The room was hot, the sun slanting in; she was sweaty, tangled in the sheet. Braden was gone. She rolled over clutching the pillow, heavy with depression.

She wished they could stay here in this little village and never go back, that she could forget the Netherworld, that they could forget everything but each other and she could forget the feline part of herself.

Deliberately she made herself think about the gallery opening. She was terrified of the evening to come, terrified someone would see the cat images in Braden’s paintings. How very clever of you, Mr. West. Phantom cats. What a droll idea, so subtle.

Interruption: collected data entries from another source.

lemma diagonal_quintic_chart:
  fixes e1 e2 e3 e4 :: "'a::field_char_0"
  assumes ne: "e1 \<noteq> 0" "e2 \<noteq> 0" "e3 \<noteq> 0" "e4 \<noteq> 0" and chart: "det2 f1 f2 \<noteq> 0"
    and vanish: "\<And>s t. e1 * lform f1 s t ^ 5 + e2 * lform f2 s t ^ 5
                        + e3 * lform f3 s t ^ 5 + e4 * lform f4 s t ^ 5 = 0"
  shows "cancelling e1 f1 e3 f3 \<and> cancelling e2 f2 e4 f4 \<or>
         cancelling e1 f1 e4 f4 \<and> cancelling e2 f2 e3 f3"
proof -
  obtain A B where f3: "\<And>s t. lform f3 s t = A * lform f1 s t + B * lform f2 s t"
    using lform_combination[OF chart] by blast
  obtain C D where f4: "\<And>s t. lform f4 s t = C * lform f1 s t + D * lform f2 s t"
    using lform_combination[OF chart] by blast
  have binary: "e1 * u^5 + e2 * v^5 + e3 * (A*u + B*v)^5 + e4 * (C*u + D*v)^5 = 0" for u v
  proof -
    obtain s t where "lform f1 s t = u" "lform f2 s t = v"
      using lform_solve[OF chart] by blast
    then show ?thesis using vanish[of s t] by (simp add: f3 f4)
  qed
  have f3_eq: "f3 = (A * fst f1 + B * fst f2, A * snd f1 + B * snd f2)"
    using f3[of 1 0] f3[of 0 1] by (simp add: lform_def prod_eq_iff)
  have f4_eq: "f4 = (C * fst f1 + D * fst f2, C * snd f1 + D * snd f2)"
    using f4[of 1 0] f4[of 0 1] by (simp add: lform_def prod_eq_iff)
  from diagonal_quintic_binary[OF ne binary] show ?thesis
  proof
    assume "B = 0 \<and> C = 0"
    then show ?thesis
      using binary[of 1 0] binary[of 0 1] f3_eq f4_eq by (auto simp: cancelling_def)
  next
    assume "A = 0 \<and> D = 0"
    then show ?thesis
      using binary[of 1 0] binary[of 0 1] f3_eq f4_eq by (auto simp: cancelling_def)
  qed
qed

lemma some_det2_nonzero:
  fixes f1 f2 f3 f4 :: "'a::field \<times> 'a"
  assumes "\<forall>s t. lform f1 s t = 0 \<and> lform f2 s t = 0 \<and> lform f3 s t = 0 \<and> lform f4 s t = 0
             \<longrightarrow> s = 0 \<and> t = 0"
  shows "det2 f1 f2 \<noteq> 0 \<or> det2 f1 f3 \<noteq> 0 \<or> det2 f1 f4 \<noteq> 0 \<or>
         det2 f2 f3 \<noteq> 0 \<or> det2 f2 f4 \<noteq> 0 \<or> det2 f3 f4 \<noteq> 0"
proof (rule ccontr)
  assume "\<not> ?thesis"
  then have dets: "det2 f g = 0" if "f \<in> {f1, f2, f3, f4}" "g \<in> {f1, f2, f3, f4}" for f g
    using that by (auto simp: det2_def algebra_simps)
  have "f = (0, 0)" if f: "f \<in> {f1, f2, f3, f4}" for f
  proof -
    have "lform g (snd f) (- fst f) = - det2 f g" for g
      by (simp add: lform_def det2_def algebra_simps)
    then show ?thesis
      using assms[rule_format, of "snd f" "- fst f"] dets[OF f] by (simp add: prod_eq_iff)
  qed
  then have "f1 = (0, 0)" "f2 = (0, 0)" "f3 = (0, 0)" "f4 = (0, 0)"
    by auto
  then show False
    using assms[rule_format, of 1 0] by (simp add: lform_def)
qed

What, exactly, is their significance?

And at the opening she would have to face Morian: a woman who knew everything about her, who had told her clearly that she knew. She wanted to run away now, but he wanted her at the opening. She would hurt him if she went away now. He said the paintings were hers, that without her they would not have happened, that without her there would be no opening and he would still be sunk in gloom.

She knew she must go, and that she must smile and meet strangers and be nice to them. She would disappear afterward. She would go back to the portal alone, and down, and would never see him again.

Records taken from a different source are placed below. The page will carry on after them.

lemma GCP_sd_iff_GTCP:
  assumes gens: "set gens \<subseteq> carrier G" and xw: "alph_ok (length gens) xw"
    and lang: "\<And>w. lang L' w \<longleftrightarrow>
      (\<exists>w0. w = 2 * length gens # w0 \<and> lang L w0 \<and> alph_ok (length gens) w0)"
  shows "GCP_sd_prop lang G gens \<psi> L' (2 * length gens # xw) \<longleftrightarrow> GTCP_prop lang G gens \<psi> L xw"
proof
  let ?x = "word_val G gens xw"
  let ?P = "aut_pow G \<psi>"
  have x: "?x \<in> carrier G" using gens xw by (rule word_val_closed)
  assume "GCP_sd_prop lang G gens \<psi> L' (2 * length gens # xw)"
  then obtain w0 g k where w0: "lang L w0" "alph_ok (length gens) w0" and g: "g \<in> carrier G"
    and eq: "\<iota> (word_val G gens w0) = inv (?P k g) \<otimes> ?P k (\<iota> ?x) \<otimes> ?P k (\<iota> g)"
    unfolding GCP_sd_prop_def lang
    by (auto simp: sd_word_val_t_word[OF gens] xw sd_conj[OF iota_closed[OF x]] aut_pow_minus_one)
  let ?v = "word_val G gens w0"
  have v: "?v \<in> carrier G" using gens w0(2) by (rule word_val_closed)
  text \<open>Applying \<psi> to eq turns the conjugation in the semidirect product into a twisted
    conjugation of ?P k ?x by ?P k g.\<close>
  have "?v = \<psi> (\<iota> ?v)" using psi_iota[OF v] by simp
  also have "\<dots> = inv (\<psi> (?P k g)) \<otimes> ?P k ?x \<otimes> ?P k g"
    unfolding eq using g x
    by (simp add: iso_mult[OF psi_iso] iso_inv[OF psi_iso] aut_pow_closed iota_closed
        psi_aut_pow psi_iota)
  finally have "twisted_conj ?v (?P k ?x)"
    unfolding twisted_conj_def using aut_pow_closed[OF g] by blast
  then have "twisted_conj ?v ?x"
    using twisted_conj_aut_pow[OF x] x by (rule twisted_conj_trans)
  then show "GTCP_prop lang G gens \<psi> L xw"
    unfolding GTCP_prop_def twisted_conj_def using w0 by blast
next
  let ?x = "word_val G gens xw"
  have x: "?x \<in> carrier G" using gens xw by (rule word_val_closed)
  assume "GTCP_prop lang G gens \<psi> L xw"
  then obtain w0 z where w0: "lang L w0" "alph_ok (length gens) w0" and z: "z \<in> carrier G"
    and eq: "word_val G gens w0 = inv (\<psi> z) \<otimes> ?x \<otimes> z"
    unfolding GTCP_prop_def by blast
  have "\<iota> (word_val G gens w0) = inv z \<otimes> \<iota> ?x \<otimes> \<iota> z"
    unfolding eq using x z psi_closed[OF z]
    by (simp add: iso_mult[OF iota_iso] iso_inv[OF iota_iso] iota_psi)
  then have "sd_word_val G \<psi> gens (2 * length gens # w0) = sd_mult G \<psi> (sd_inv G \<psi> (z, 0))
      (sd_mult G \<psi> (sd_word_val G \<psi> gens (2 * length gens # xw)) (z, 0))"
    by (simp add: sd_word_val_t_word[OF gens] w0(2) xw sd_conj[OF iota_closed[OF x] z]
        aut_pow_minus_one)
  then show "GCP_sd_prop lang G gens \<psi> L' (2 * length gens # xw)"
    unfolding GCP_sd_prop_def lang using w0 z alph_ok_Suc[OF w0(2)] by fastforce
qed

She rose and dressed and packed her few things. Braden returned and they went downstairs to Mrs. Trask’s office to say good-bye. The office was as bright and cheerful as the rest of the inn, white wicker furniture and potted plants, and a collection of prints that covered three walls. Some were Alice’s: an etching of winging gulls, a lithograph of swimming seals, and one of horses wheeling at the edge of the sea. Behind the desk hung an etching of a cat sculpture, the cat leaping after a bird. Her pulse quickened. She recognized it from the Cat Museum. And Braden said, “Timorell commissioned the sculpture shortly before she was killed in the earthquake. Alice thought it had some special meaning for her, that was why she did the etching, several years after Timorell’s death.”

Now her heart was thundering.

In the museum, she had examined that cat sculpture. She had found no clue that it might contain the Amulet. Now, she burned to go back and look at it again. She moved behind the desk, to study it.

The bronze cat’s fur was roughly done. One could see the globs of clay from which the casting had been made. And within the rough clay patterns, across the cat’s flank, was an oval shape unlike the other texture. A little teardrop shape so subtly different one could easily overlook it, but a shape a bit too perfect. A teardrop the same shape as the Amulet. Excited, she turned away when Braden took her hand. She said good-bye to Mrs. Trask and hugged her. The old woman felt like a rock, draped in her black mourning, but her smile was full of joy.

Chapter 60

Twenty paintings hung on the white gallery walls, each with space around it, each well lighted from spotlights recessed into the ceiling. Hung all together, the rich, abstracted studies had such power they jolted Melissa.